当发现程序运行性能比较差,同时CPU利用率又低.那么说明CPU不是影响性能的因素.
那CPU利用率低,主要原因是因为软件出现了等待并退出线程执行进入睡眠状态.
同理,对于软件本应该在预计时间内完成的某个事务,却消耗了超过预期的时间,同时CPU使用率正常(非100%),那么需要定位是否有软件出现了等待并退出线程执行进入睡眠状态.
那么如何抓取到所有的线程等待事件呢? 如下所示:
首先, Linux内核线程调度模块暴露了调试接口如下:
ls /sys/kernel/debug/tracing/events/sched
enable
filter
sched_kthread_stop
sched_kthread_stop_ret
sched_migrate_task
sched_move_numa
sched_pi_setprio
sched_process_exec
sched_process_exit
sched_process_fork
sched_process_free
sched_process_hang
sched_process_wait
sched_stat_blocked
sched_stat_iowait
sched_stat_runtime
sched_stat_sleep
sched_stat_wait
sched_stick_numa
sched_swap_numa
sched_switch
sched_wait_task
sched_wake_idle_without_ipi
sched_wakeup
sched_wakeup_new
sched_waking
在内核include/trace/events/sched.h中,有sched_switch tracepoint
/*
* Tracepoint for task switches, performed by the scheduler:
*/
TRACE_EVENT(sched_switch,
TP_PROTO(bool preempt,
struct task_struct *prev,
struct task_struct *next,
unsigned int prev_state),
TP_ARGS(preempt, prev, next, prev_state),
TP_STRUCT__entry(
__array( char, prev_comm, TASK_COMM_LEN )

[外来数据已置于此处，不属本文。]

lemma Mst_Mss_delta:
  assumes "increasing_slope h t \<mu>"
  shows "Mst h t \<mu> (delta v) = {\<lambda>e i j. 0}" and "Mss h t \<mu> (delta v) = {\<lambda>e i j. 0}"
proof -
  have "\<forall>w. \<mu> w \<noteq> \<mu> v \<longrightarrow> delta v w = 0" by (simp add: delta_def)
  then have Rep: "Rep h t (delta v) = {\<lambda>e i j. 0}"
    by (rule Rep_eq_zero[of "delta v" h t, OF level_dimvec_no_arrows[OF assms]])
  have stable: "stable_rep h t \<mu> (delta v) (\<lambda>e i j. 0)"
    unfolding stable_rep_def
  proof (intro conjI allI impI)
    fix W assume W: "subrep h t (delta v) (\<lambda>e i j. 0) W" "(\<lambda>w. cdim (W w)) \<noteq> (\<lambda>w. 0)"
      "(\<lambda>w. cdim (W w)) \<noteq> delta v"
    have le: "cdim (W w) \<le> delta v w" for w by (rule cdim_subrep_le[OF W(1)])
    obtain u where "cdim (W u) \<noteq> 0" using W(2) by auto
    with le[of u] have one: "cdim (W v) = 1" by (cases "u = v") (simp_all add: delta_def)
    have "cdim (W w) = delta v w" for w
      using le[of w] one by (cases "w = v") (simp_all add: delta_def)
    then have "(\<lambda>w. cdim (W w)) = delta v" by blast
    with W(3) show "slope \<mu> (\<lambda>w. cdim (W w)) < slope \<mu> (\<lambda>w. delta v w - cdim (W w))"
      by contradiction
  qed (use Rep delta_nonzero[of v] in auto)
  show Mst: "Mst h t \<mu> (delta v) = {\<lambda>e i j. 0}" using Rep stable unfolding Mst_def by auto
  have "Mss h t \<mu> (delta v) \<subseteq> Rep h t (delta v)" unfolding Mss_def by blast
  then show "Mss h t \<mu> (delta v) = {\<lambda>e i j. 0}" using Mst_subset_Mss Mst Rep by blast
qed

lemma Mst_Mss_single_level:
  assumes inc: "increasing_slope h t \<mu>" and level: "\<forall>v. \<mu> v \<noteq> r \<longrightarrow> d v = 0"
    and "d \<noteq> (\<lambda>v. 0)" and "\<forall>v. d \<noteq> delta v"
  shows "Mst h t \<mu> d = {}" and "Mss h t \<mu> d = {\<lambda>e i j. 0}"
proof -
  have Rep: "Rep h t d = {\<lambda>e i j. 0}"
    by (rule Rep_eq_zero[of d h t, OF level_dimvec_no_arrows[OF inc level]])
  have slope_r: "slope \<mu> x = r" if "x \<noteq> (\<lambda>v. 0)" "\<And>v. x v \<le> d v" for x
  proof (rule slope_eq_const[OF that(1)])
    fix v assume "x v \<noteq> 0"
    with that(2)[of v] have "d v \<noteq> 0" by linarith
    with spec[OF level, of v] show "\<mu> v = r" by blast
  qed
  have semistable: "semistable_rep h t \<mu> d (\<lambda>e i j. 0)"
    unfolding semistable_rep_def
  proof (intro conjI allI impI)
    fix W assume W: "subrep h t d (\<lambda>e i j. 0) W" "(\<lambda>w. cdim (W w)) \<noteq> (\<lambda>w. 0)"
      "(\<lambda>w. cdim (W w)) \<noteq> d"
    have le: "\<And>w. cdim (W w) \<le> d w" by (rule cdim_subrep_le[OF W(1)])
    have "slope \<mu> (\<lambda>w. cdim (W w)) = r" by (rule slope_r[OF W(2) le])
    moreover have "slope \<mu> (\<lambda>w. d w - cdim (W w)) = r"
      by (rule slope_r[OF dimvec_diff_nonzero[OF le W(3)]]) simp
    ultimately show "slope \<mu> (\<lambda>w. cdim (W w)) \<le> slope \<mu> (\<lambda>w. d w - cdim (W w))" by simp
  qed (use Rep assms(3) in simp_all)
  show "Mss h t \<mu> d = {\<lambda>e i j. 0}" using Rep semistable unfolding Mss_def by auto
  obtain v where v: "d v \<noteq> 0" using assms(3) by auto
  have delta_le: "delta v w \<le> d w" for w using v by (simp add: delta_def)
  have "delta v \<noteq> d" using spec[OF assms(4), of v] by (rule not_sym)
  have "\<not> stable_rep h t \<mu> d (\<lambda>e i j. 0)"
  proof
    assume st: "stable_rep h t \<mu> d (\<lambda>e i j. 0)"
    have sub: "subrep h t d (\<lambda>e i j. 0) (vertex_line v)"
    proof (rule subrep_vertex_line)
      show "d (h e) = 0" if "t e = v" for e
        using level_dimvec_no_arrows[OF inc level, of e] that v by auto
    qed (use Rep v in simp_all)
    have "slope \<mu> (delta v) < slope \<mu> (\<lambda>w. d w - delta v w)"
      using stable_rep_subrepD[OF st sub, unfolded cdim_vertex_line] delta_nonzero[of v]
        \<open>delta v \<noteq> d\<close> by blast
    moreover have "slope \<mu> (delta v) = r" by (rule slope_r[OF delta_nonzero delta_le])
    moreover have "slope \<mu> (\<lambda>w. d w - delta v w) = r"
      by (rule slope_r[OF dimvec_diff_nonzero[OF delta_le \<open>delta v \<noteq> d\<close>]]) simp
    ultimately show False by simp
  qed
  with Rep show "Mst h t \<mu> d = {}" unfolding Mst_def by auto
qed

lemma chi_self_no_arrows:
  assumes "\<And>e. d (h e) = 0 \<or> d (t e) = 0"
  shows "chi h t d d = 2 * (\<Sum>v\<in>UNIV. int (d v) * int (d v))"
proof -
  have "(\<Sum>e\<in>UNIV. int (d (t e)) * int (d (h e))) = 0"
    using assms by (intro sum.neutral) (metis mult_zero_left mult_zero_right of_nat_0)
  then show ?thesis unfolding chi_def chiQ_def by simp
qed

lemma sum_squares_ge_2:
  fixes d :: "'v::finite \<Rightarrow> nat"
  assumes "d \<noteq> (\<lambda>v. 0)" and "\<forall>v. d \<noteq> delta v"
  shows "2 \<le> (\<Sum>v\<in>UNIV. int (d v) * int (d v))"
proof -
  obtain v where v: "d v \<noteq> 0" using assms(1) by auto
  obtain w where w: "d w \<noteq> delta v w" using assms(2) by auto
  have "2 \<le> (\<Sum>u\<in>{v, w}. int (d u))"
    using v w by (cases "w = v") (auto simp: delta_def)
  also have "\<dots> \<le> (\<Sum>u\<in>UNIV. int (d u))" by (rule sum_mono2) auto
  also have "\<dots> \<le> (\<Sum>u\<in>UNIV. int (d u) * int (d u))"
    by (rule sum_mono) (metis le_square of_nat_le_iff of_nat_mult)
  finally show ?thesis .
qed

lemma Mss_empty_several_levels:
  assumes inc: "increasing_slope h t \<mu>" and several: "\<nexists>r. \<forall>v. \<mu> v \<noteq> r \<longrightarrow> d v = 0"
  shows "Mss h t \<mu> d = {}"
proof -
  define m where "m = Max (\<mu> ` {v. d v \<noteq> 0})"
  have supp: "finite (\<mu> ` {v. d v \<noteq> 0})" "\<mu> ` {v. d v \<noteq> 0} \<noteq> {}"
    using several by auto
  obtain v where v: "d v \<noteq> 0" "\<mu> v = m" using Max_in[OF supp] unfolding m_def by auto
  have below: "\<mu> u \<le> m" if "d u \<noteq> 0" for u
    using Max_ge[OF supp(1)] that unfolding m_def by auto
  obtain w where w: "d w \<noteq> 0" "\<mu> w \<noteq> m" using several by auto
  with below have "\<mu> w < m" by fastforce
  have "delta v \<noteq> d"
  proof
    assume "delta v = d"
    with w have "w = v" by (auto simp: delta_def split: if_splits)
    with v w show False by simp
  qed
  have "\<not> semistable_rep h t \<mu> d B" for B
  proof
    assume ss: "semistable_rep h t \<mu> d B"
    have sub: "subrep h t d B (vertex_line v)"
    proof (rule subrep_vertex_line)
      show "B \<in> Rep h t d" using ss unfolding semistable_rep_def by blast
      show "d (h e) = 0" if "t e = v" for e
      proof (rule ccontr)
        assume "d (h e) \<noteq> 0"
        with below have "\<mu> (h e) \<le> \<mu> v" using v(2) by simp
        with inc that show False unfolding increasing_slope_def by (metis not_le)
      qed
    qed (fact v(1))
    have "slope \<mu> (delta v) \<le> slope \<mu> (\<lambda>u. d u - delta v u)"
      using semistable_rep_subrepD[OF ss sub, unfolded cdim_vertex_line] delta_nonzero[of v]
        \<open>delta v \<noteq> d\<close> by blast
    moreover have "slope \<mu> (\<lambda>u. d u - delta v u) < m"
    proof (rule slope_less_const)
      show "\<mu> u \<le> m" if "d u - delta v u \<noteq> 0" for u using below that by simp
      show "d w - delta v w \<noteq> 0" using w \<open>\<mu> w < m\<close> v(2) by (auto simp: delta_def)
    qed fact
    ultimately show False using v(2) by (simp add: slope_delta)
  qed
  then show ?thesis unfolding Mss_def by blast
qed

theorem proposition5p1:
  fixes h t :: "'e::finite \<Rightarrow> 'v::finite" and \<mu> :: "'v \<Rightarrow> real" and d :: "'v \<Rightarrow> nat"
  assumes "no_oriented_cycles h t"
    and "increasing_slope h t \<mu>"
    and "d \<noteq> (\<lambda>v. 0)"
  shows "((caseA d \<and> \<not> caseB \<mu> d) \<or> (\<not> caseA d \<and> caseB \<mu> d) \<or> (\<not> caseA d \<and> \<not> caseB \<mu> d))
    \<and> (caseA d \<longrightarrow> Mst h t \<mu> d = Mss h t \<mu> d \<and> (\<exists>B. Mss h t \<mu> d = {B}))
    \<and> (caseB \<mu> d \<longrightarrow> Mst h t \<mu> d = {} \<and> (\<exists>B. Mss h t \<mu> d = {B}) \<and> 2 - chi h t d d < 0)
    \<and> (\<not> caseA d \<and> \<not> caseB \<mu> d \<longrightarrow> Mst h t \<mu> d = {} \<and> Mss h t \<mu> d = {})"
proof -
  have "\<not> (caseA d \<and> caseB \<mu> d)" unfolding caseA_def caseB_def by blast
  then have exclusive:
    "(caseA d \<and> \<not> caseB \<mu> d) \<or> (\<not> caseA d \<and> caseB \<mu> d) \<or> (\<not> caseA d \<and> \<not> caseB \<mu> d)"
    by blast
  have A: "caseA d \<longrightarrow> Mst h t \<mu> d = Mss h t \<mu> d \<and> (\<exists>B. Mss h t \<mu> d = {B})"
  proof
    assume "caseA d"
    then obtain v where "d = delta v" unfolding caseA_def by blast
    then show "Mst h t \<mu> d = Mss h t \<mu> d \<and> (\<exists>B. Mss h t \<mu> d = {B})"
      using Mst_Mss_delta[OF assms(2), of v] by simp
  qed
  have B: "caseB \<mu> d \<longrightarrow> Mst h t \<mu> d = {} \<and> (\<exists>B. Mss h t \<mu> d = {B}) \<and> 2 - chi h t d d < 0"
  proof
    assume "caseB \<mu> d"
    then obtain r where level: "\<forall>v. \<mu> v \<noteq> r \<longrightarrow> d v = 0" and nondelta: "\<forall>v. d \<noteq> delta v"
      unfolding caseB_def by blast
    have "chi h t d d = 2 * (\<Sum>v\<in>UNIV. int (d v) * int (d v))"
      by (rule chi_self_no_arrows[of d h t, OF level_dimvec_no_arrows[OF assms(2) level]])
    then have "2 - chi h t d d < 0" using sum_squares_ge_2[OF assms(3) nondelta] by linarith
    with Mst_Mss_single_level[OF assms(2) level assms(3) nondelta]
    show "Mst h t \<mu> d = {} \<and> (\<exists>B. Mss h t \<mu> d = {B}) \<and> 2 - chi h t d d < 0" by blast
  qed
  have C: "\<not> caseA d \<and> \<not> caseB \<mu> d \<longrightarrow> Mst h t \<mu> d = {} \<and> Mss h t \<mu> d = {}"
  proof
    assume "\<not> caseA d \<and> \<not> caseB \<mu> d"
    then have "\<nexists>r. \<forall>v. \<mu> v \<noteq> r \<longrightarrow> d v = 0" unfolding caseA_def caseB_def by blast
    then have "Mss h t \<mu> d = {}" by (rule Mss_empty_several_levels[OF assms(2)])
    with Mst_subset_Mss show "Mst h t \<mu> d = {} \<and> Mss h t \<mu> d = {}" by blast
  qed
  show ?thesis by (intro conjI exclusive A B C)
qed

__field( pid_t, prev_pid )
__field( int, prev_prio )
__field( long, prev_state )
__array( char, next_comm, TASK_COMM_LEN )
__field( pid_t, next_pid )
__field( int, next_prio )
),
TP_fast_assign(
memcpy(__entry->next_comm, next->comm, TASK_COMM_LEN);
__entry->prev_pid = prev->pid;
__entry->prev_prio = prev->prio;
__entry->prev_state = __trace_sched_switch_state(preempt, prev_state, prev);
memcpy(__entry->prev_comm, prev->comm, TASK_COMM_LEN);
__entry->next_pid = next->pid;
__entry->next_prio = next->prio;
/* XXX SCHED_DEADLINE */
),
TP_printk("prev_comm=%s prev_pid=%d prev_prio=%d prev_state=%s%s ==> next_comm=%s next_pid=%d next_prio=%d",
__entry->prev_comm, __entry->prev_pid, __entry->prev_prio,
(__entry->prev_state & (TASK_REPORT_MAX - 1)) ?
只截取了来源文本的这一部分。